Figure 1-2  Types of models

Additionally, a model must have at least all the major functions of the real item, but what constitutes a major rather than a minor function is open to opinion. Figure 1-3 shows a different level of detail for a model. Does it contain all the major components of an airplane? There’s room for argument that perhaps the model should have landing gear to go along with the propeller, wings, and tail.

Figure 1-3  Simple model airplane

Network Models

Network models face similar challenges. What functions define all networks? What details can you omit without rendering the model inaccurate? Does the model retain its usefulness when describing a network that does not employ all the layers?

In the early days of networking, different manufacturers made unique types of networks that functioned well. Part of the reason the networks worked was that every network manufacturer made everything. Back then, a single manufacturer provided everything for a customer when the customer purchased a network solution: all the hardware and all the software in one complete and expensive package. Although these networks worked fine as stand-alone networks, the proprietary nature of the hardware and software made it difficult—to put it mildly—to connect networks of multiple manufacturers. To interconnect networks and therefore improve the networking industry, someone needed to create a guide, a model, that described the functions of a network. Using this model, the people who made hardware and software could work together to make networks that worked together well.

The best way to learn the OSI model is to see it in action. For this reason, I’ll introduce you to a small, simplified network that needs to copy a file from one computer to another. This example goes through each of the OSI layers needed to copy that file, and I explain each step and why it is necessary. The next part of the chapter explores a Web-centric enterprise version of a company so you can see how the OSI model applies to the latest networks. By the end of the chapter, you should have a definite handle on using the OSI model as a tool to conceptualize networks. You’ll continue to build on this knowledge throughout the book and turn your OSI model knowledge into a powerful troubleshooting tool.

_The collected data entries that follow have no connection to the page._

(* Let $(X,\|\cdot\|)$ be a convex normed space and let $S\subset X$ be a subset such that every sequence in $S$ has a subsequence converging in $X$. Then $S$ is a uniformly convex subset of $X$.
   Context: A normed space $X$ is convex if for all $u,v\in X$ with $u\ne v$ and $\|u\|=\|v\|=1$ we have $\|u+v\|<2$. A subset $S\subset X$ is called uniformly convex if for every $\varepsilon>0$ there exists $\delta\in(0,1)$ such that for all $u,v\in S$ with $\|u\|=\|v\|=1$ and $\|u-v\|\ge\varepsilon$ we have $\|u+v\|\le 2-\delta$ (in particular, a subset containing no unit vectors is uniformly convex). *)

theory Defs
  imports "HOL-Analysis.Analysis"
begin

definition convex_normed_space :: "'a::real_normed_vector itself \<Rightarrow> bool" where
  "convex_normed_space TYPE('a) \<longleftrightarrow>
     (\<forall>u v :: 'a. u \<noteq> v \<and> norm u = 1 \<and> norm v = 1 \<longrightarrow> norm (u + v) < 2)"

definition uniformly_convex_subset :: "'a::real_normed_vector set \<Rightarrow> bool" where
  "uniformly_convex_subset S \<longleftrightarrow>
     (\<forall>\<epsilon>>0. \<exists>\<delta>. 0 < \<delta> \<and> \<delta> < 1 \<and>
        (\<forall>u\<in>S. \<forall>v\<in>S. norm u = 1 \<and> norm v = 1 \<and> norm (u - v) \<ge> \<epsilon>
           \<longrightarrow> norm (u + v) \<le> 2 - \<delta>))"

end

theory Submission
  imports Defs
begin

(* If S were not uniformly convex, there would be pairs of unit vectors u n, v n in S with
   norm (u n - v n) >= e and norm (u n + v n) -> 2. Along a common convergent subsequence the
   limits a, b satisfy norm a = norm b = 1, norm (a - b) >= e and norm (a + b) = 2, which
   contradicts the convexity of the space. *)

lemma not_uniformly_convex_subsetE:
  fixes S :: "'a::real_normed_vector set"
  assumes "\<not> uniformly_convex_subset S"
  obtains \<epsilon> u v where "\<epsilon> > 0" and "\<And>n. u n \<in> S" and "\<And>n. v n \<in> S"
    and "\<And>n. norm (u n) = 1" and "\<And>n. norm (v n) = 1" and "\<And>n. \<epsilon> \<le> norm (u n - v n)"
    and "(\<lambda>n. norm (u n + v n)) \<longlonglongrightarrow> 2"
proof -
  define d :: "nat \<Rightarrow> real" where "d n = inverse (real (Suc (Suc n)))" for n
  have d_bounds: "0 < d n \<and> d n < 1" for n
    by (simp add: d_def inverse_less_1_iff)
  obtain \<epsilon> where "\<epsilon> > 0" and "\<And>\<delta>. 0 < \<delta> \<Longrightarrow> \<delta> < 1 \<Longrightarrow> \<exists>u\<in>S. \<exists>v\<in>S.
      norm u = 1 \<and> norm v = 1 \<and> \<epsilon> \<le> norm (u - v) \<and> 2 - \<delta> < norm (u + v)"
    using assms unfolding uniformly_convex_subset_def by (meson not_le)
  then have "\<forall>n. \<exists>u v. u \<in> S \<and> v \<in> S \<and> norm u = 1 \<and> norm v = 1 \<and> \<epsilon> \<le> norm (u - v)
      \<and> 2 - d n < norm (u + v)"
    using d_bounds by blast
  then obtain u v where uv: "\<And>n. u n \<in> S \<and> v n \<in> S \<and> norm (u n) = 1 \<and> norm (v n) = 1
      \<and> \<epsilon> \<le> norm (u n - v n) \<and> 2 - d n < norm (u n + v n)"
    by metis
  have lim: "(\<lambda>n. 2 - d n) \<longlonglongrightarrow> 2"
    using LIMSEQ_Suc [OF LIMSEQ_inverse_real_of_nat_add_minus [of 2]] by (simp add: d_def)
  have lower: "\<forall>n. 2 - d n \<le> norm (u n + v n)"
    using uv by (simp add: less_imp_le)
  have upper: "\<forall>n. norm (u n + v n) \<le> 2"
    using norm_triangle_ineq uv by (metis one_add_one)
  have sum: "(\<lambda>n. norm (u n + v n)) \<longlonglongrightarrow> 2"
    using tendsto_sandwich [OF always_eventually [OF lower] always_eventually [OF upper] lim tendsto_const] .
  show thesis
    by (rule that [of \<epsilon> u v]) (use \<open>\<epsilon> > 0\<close> uv sum in auto)
qed

lemma convergent_common_subseq:
  fixes u v :: "nat \<Rightarrow> 'a::topological_space"
  assumes "\<And>x :: nat \<Rightarrow> 'a. (\<forall>n. x n \<in> S) \<Longrightarrow>
             \<exists>r l. strict_mono r \<and> (x \<circ> r) \<longlonglongrightarrow> l"
    and "\<And>n. u n \<in> S" and "\<And>n. v n \<in> S"
  obtains r a b where "strict_mono r" and "(u \<circ> r) \<longlonglongrightarrow> a" and "(v \<circ> r) \<longlonglongrightarrow> b"
proof -
  obtain r a where r: "strict_mono r" and a: "(u \<circ> r) \<longlonglongrightarrow> a"
    using assms(1) [of u] assms(2) by blast
  obtain r' b where r': "strict_mono r'" and b: "(v \<circ> r \<circ> r') \<longlonglongrightarrow> b"
    using assms(1) [of "v \<circ> r"] assms(3) by auto
  show thesis
  proof (rule that)
    show "strict_mono (r \<circ> r')"
      using r r' by (simp add: strict_mono_o)
    show "(u \<circ> (r \<circ> r')) \<longlonglongrightarrow> a"
      using LIMSEQ_subseq_LIMSEQ [OF a r'] by (simp add: o_assoc)
    show "(v \<circ> (r \<circ> r')) \<longlonglongrightarrow> b"
      using b by (simp add: o_assoc)
  qed
qed

lemma norm_add_not_tendsto_2:
  fixes x y :: "nat \<Rightarrow> 'a::real_normed_vector"
  assumes "convex_normed_space TYPE('a)"
    and x: "x \<longlonglongrightarrow> a" and y: "y \<longlonglongrightarrow> b"
    and "\<And>n. norm (x n) = 1" and "\<And>n. norm (y n) = 1"
    and "\<epsilon> > 0" and sep: "\<And>n. \<epsilon> \<le> norm (x n - y n)"
  shows "\<not> (\<lambda>n. norm (x n + y n)) \<longlonglongrightarrow> 2"
proof
  assume sum: "(\<lambda>n. norm (x n + y n)) \<longlonglongrightarrow> 2"
  have "(\<lambda>n. norm (x n)) \<longlonglongrightarrow> norm a" "(\<lambda>n. norm (y n)) \<longlonglongrightarrow> norm b"
    by (intro tendsto_norm x y)+
  then have "norm a = 1" "norm b = 1"
    using assms(4,5) by (simp_all add: LIMSEQ_const_iff)
  have "(\<lambda>n. norm (x n - y n)) \<longlonglongrightarrow> norm (a - b)"
    by (intro tendsto_norm tendsto_diff x y)
  then have "\<epsilon> \<le> norm (a - b)"
    by (rule LIMSEQ_le_const) (use sep in blast)
  then have "a \<noteq> b"
    using \<open>\<epsilon> > 0\<close> by auto
  have "(\<lambda>n. norm (x n + y n)) \<longlonglongrightarrow> norm (a + b)"
    by (intro tendsto_norm tendsto_add x y)
  then have "norm (a + b) = 2"
    using sum by (rule LIMSEQ_unique)
  moreover have "norm (a + b) < 2"
    using assms(1) \<open>a \<noteq> b\<close> \<open>norm a = 1\<close> \<open>norm b = 1\<close>
    unfolding convex_normed_space_def by blast
  ultimately show False
    by simp
qed

theorem mainTheorem6:
  fixes S :: "'a::real_normed_vector set"
  assumes "convex_normed_space TYPE('a)"
    and "\<And>x :: nat \<Rightarrow> 'a. (\<forall>n. x n \<in> S) \<Longrightarrow>
           \<exists>r l. strict_mono r \<and> (x \<circ> r) \<longlonglongrightarrow> l"
  shows "uniformly_convex_subset S"
proof (rule ccontr)
  assume "\<not> uniformly_convex_subset S"
  then obtain \<epsilon> :: real and u v where "\<epsilon> > 0" and "\<And>n. u n \<in> S" and "\<And>n. v n \<in> S"
    and "\<And>n. norm (u n) = 1" and "\<And>n. norm (v n) = 1"
    and "\<And>n. \<epsilon> \<le> norm (u n - v n)" and sum: "(\<lambda>n. norm (u n + v n)) \<longlonglongrightarrow> 2"
    by (elim not_uniformly_convex_subsetE) blast
  moreover obtain r a b where "strict_mono r" and "(u \<circ> r) \<longlonglongrightarrow> a" and "(v \<circ> r) \<longlonglongrightarrow> b"
    using convergent_common_subseq [OF assms(2)] calculation by blast
  moreover have "(\<lambda>n. norm ((u \<circ> r) n + (v \<circ> r) n)) \<longlonglongrightarrow> 2"
    using LIMSEQ_subseq_LIMSEQ [OF sum \<open>strict_mono r\<close>] by (simp add: o_def)
  ultimately show False
    using norm_add_not_tendsto_2 [OF assms(1), of "u \<circ> r" a "v \<circ> r" b \<epsilon>] by simp
qed

end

The OSI Seven-Layer Model on a Simple Network

Each layer in the OSI seven-layer model defines an important function in computer networking, and the protocols that operate at that layer offer solutions to those functions. Protocols are sets of clearly defined rules, regulations, standards, and procedures that enable hardware and software developers to make devices and applications that function properly at a particular layer. The OSI seven-layer model encourages modular design in networking, meaning that each layer has as little to do with the operation of other layers as possible. Think of it as an automobile assembly line. The guy painting the car doesn’t care about the gal putting doors on the car—he expects the assembly line process to make sure the cars he paints have doors. Each layer on the model trusts that the other layers on the model do their jobs.

The OSI seven layers are

•   Layer 7  Application

•   Layer 6  Presentation

•   Layer 5  Session

•   Layer 4  Transport

•   Layer 3  Network

•   Layer 2  Data Link

•   Layer 1  Physical

The OSI seven layers are not laws of physics—anybody who wants to design a network can do it any way he or she wants. Although many protocols fit neatly into one of the seven layers, others do not.

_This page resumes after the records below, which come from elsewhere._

definition cond_D ::
  "nat \<Rightarrow> nat \<Rightarrow> nat \<Rightarrow> real \<Rightarrow> (nat \<Rightarrow> (nat \<Rightarrow> nat \<Rightarrow> real) \<Rightarrow> nat \<Rightarrow> real) \<Rightarrow> bool" where
  "cond_D m k l c S \<longleftrightarrow>
     (\<forall>t. \<forall>i\<in>{1..m}. \<forall>w\<in>param_space k l. \<forall>w'\<in>param_space k l.
        \<bar>S t w i - S t w' i\<bar>
          \<le> c * (real t + 1) * (\<Sum>\<iota>=1..l. \<Sum>j=1..k-1. \<bar>w \<iota> j - w' \<iota> j\<bar>))"

definition market :: "nat \<Rightarrow> (nat \<Rightarrow> nat \<Rightarrow> real) \<Rightarrow> bool" where
  "market m x \<longleftrightarrow> (\<forall>s. \<forall>i\<in>{1..m}. x s i > 0)"

definition wealth ::
  "nat \<Rightarrow> (nat \<Rightarrow> (nat \<Rightarrow> nat \<Rightarrow> real) \<Rightarrow> nat \<Rightarrow> real) \<Rightarrow> (nat \<Rightarrow> nat \<Rightarrow> real)
     \<Rightarrow> nat \<Rightarrow> (nat \<Rightarrow> nat \<Rightarrow> real) \<Rightarrow> real" where
  "wealth m S x t w = (\<Prod>s<t. \<Sum>i=1..m. S s w i * x s i)"

definition damp :: "real \<Rightarrow> real \<Rightarrow> real \<Rightarrow> real" where
  "damp \<Gamma> \<sigma> a = exp (\<Gamma> * min (a - \<sigma>) 0)"

definition damped_wealth ::
  "nat \<Rightarrow> nat \<Rightarrow> nat \<Rightarrow> real \<Rightarrow> real \<Rightarrow> (nat \<Rightarrow> (nat \<Rightarrow> nat \<Rightarrow> real) \<Rightarrow> nat \<Rightarrow> real)
     \<Rightarrow> (nat \<Rightarrow> nat \<Rightarrow> real) \<Rightarrow> nat \<Rightarrow> (nat \<Rightarrow> nat \<Rightarrow> real) \<Rightarrow> real" where
  "damped_wealth m k l \<Gamma> \<sigma> S x t w =
     wealth m S x t w * (\<Prod>i=1..l. \<Prod>j=1..k. damp \<Gamma> \<sigma> (w i j))"

end

theory Submission
  imports Defs
begin

(* Write D for the l1-distance of w and w' over the coordinates j < k that condition (D_c) sees.
   By (D_c) the portfolios S_s(w) and S_s(w') differ coordinatewise by at most c(s+1)D, which by
   (L_eps) is the fraction c'm(s+1)^3 D of each coordinate of S_s(w); so every one-period return
   grows by a factor at most 1 + c'mt^3 D and the wealth R_t by at most exp(c'mt^4 D).  Each damping
   factor satisfies f(b) <= exp(Gamma |a - b|) f(a), so the damping product grows by at most
   exp(Gamma k l delta).  With delta = delta'_t(nu) both exponents are at most nu/6 as soon as
   c'mt^4 >= 2, and exp(nu/3) <= 1 + nu for nu <= 2. *)

lemma prod_le_power_card_mult_prod:
  fixes f g :: "'a \<Rightarrow> 'b :: linordered_idom"
  assumes "\<And>x. x \<in> A \<Longrightarrow> 0 \<le> f x" and "\<And>x. x \<in> A \<Longrightarrow> f x \<le> c * g x"
  shows "prod f A \<le> c ^ card A * prod g A"
proof -
  have "prod f A \<le> (\<Prod>x\<in>A. c * g x)"
    using assms by (intro prod_mono) auto
  then show ?thesis
    by (simp add: prod.distrib)
qed

lemma sum_mult_le_of_perturbation:
  fixes p q x :: "'a \<Rightarrow> real"
  assumes "\<And>i. i \<in> A \<Longrightarrow> 0 \<le> x i" and "\<And>i. i \<in> A \<Longrightarrow> L \<le> p i"
    and "\<And>i. i \<in> A \<Longrightarrow> \<bar>p i - q i\<bar> \<le> a * L" and "0 \<le> a"
  shows "(\<Sum>i\<in>A. q i * x i) \<le> (1 + a) * (\<Sum>i\<in>A. p i * x i)"
  unfolding sum_distrib_left
proof (rule sum_mono)
  fix i assume i: "i \<in> A"
  have "q i \<le> p i + a * L" using assms(3)[OF i] by linarith
  also have "\<dots> \<le> (1 + a) * p i" using mult_left_mono[OF assms(2)[OF i] assms(4)] by argo
  finally show "q i * x i \<le> (1 + a) * (p i * x i)"
    using assms(1)[OF i] by (metis mult.assoc mult_right_mono)
qed

lemma exp_third_le_one_plus:
  fixes \<nu> :: real
  assumes "0 \<le> \<nu>" "\<nu> \<le> 2"
  shows "exp (\<nu> / 3) \<le> 1 + \<nu>"
proof -
  have "1 - \<nu> / 3 \<le> exp (- (\<nu> / 3))"
    using exp_ge_add_one_self[of "- (\<nu> / 3)"] by simp
  then have "exp (\<nu> / 3) \<le> 1 / (1 - \<nu> / 3)"
    using assms by (simp add: exp_minus field_simps)
  also have "\<dots> \<le> 1 + \<nu>"
    using assms mult_nonneg_nonneg[of \<nu> "2 - \<nu>"] by (simp add: field_simps)
  finally show ?thesis .
qed

lemma mult_power4_nonpos_or_ge_two:
  fixes a :: real
  assumes "1 \<le> t" and "2 / a \<le> real t"
  shows "a * real t ^ 4 \<le> 0 \<or> 2 \<le> a * real t ^ 4"
proof (cases "a \<le> 0")
  case True
  then show ?thesis by (simp add: mult_nonpos_nonneg)
next
  case False
  then have "2 \<le> a * real t"
    using assms(2) by (simp add: divide_le_eq mult.commute)
  also have "\<dots> \<le> a * real t ^ 4"
    using False assms(1) by (intro mult_left_mono) (auto simp: self_le_power)
  finally show ?thesis ..
qed

lemma damp_pos: "0 < damp \<Gamma> \<sigma> a"
  by (simp add: damp_def)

Now that you know the names of the layers, let’s see what each layer does. The best way to understand the OSI layers is to see them in action. Let’s see them at work at the fictional company of MHTechEd, Inc.

Welcome to MHTechEd!

Mike’s High-Tech Educational Supply Store and Post Office, or MHTechEd for short, has a small network of PCs running Windows, a situation typical of many small businesses today. Windows comes with all the network software it needs to connect to a network. All the computers in the MHTechEd network are connected by special network cabling.

As in most offices, everyone at MHTechEd has his or her own PC. Figure 1-4 shows two workers, Shannon and Scott, who handle all the administrative functions at MHTechEd. Because of the kinds of work they do, these two often need to exchange data between their two PCs. At the moment, Shannon has just completed a new employee handbook in Microsoft Word, and she wants Scott to check it for accuracy. Shannon could transfer a copy of the file to Scott’s computer by the tried-and-true Sneakernet method—saving the file on a flash drive and walking it over to him—but thanks to the wonders of computer networking, she doesn’t even have to get up from her chair. Let’s watch in detail each piece of the process that gives Scott direct access to Shannon’s computer, so he can copy the Word document from Shannon’s system to her own.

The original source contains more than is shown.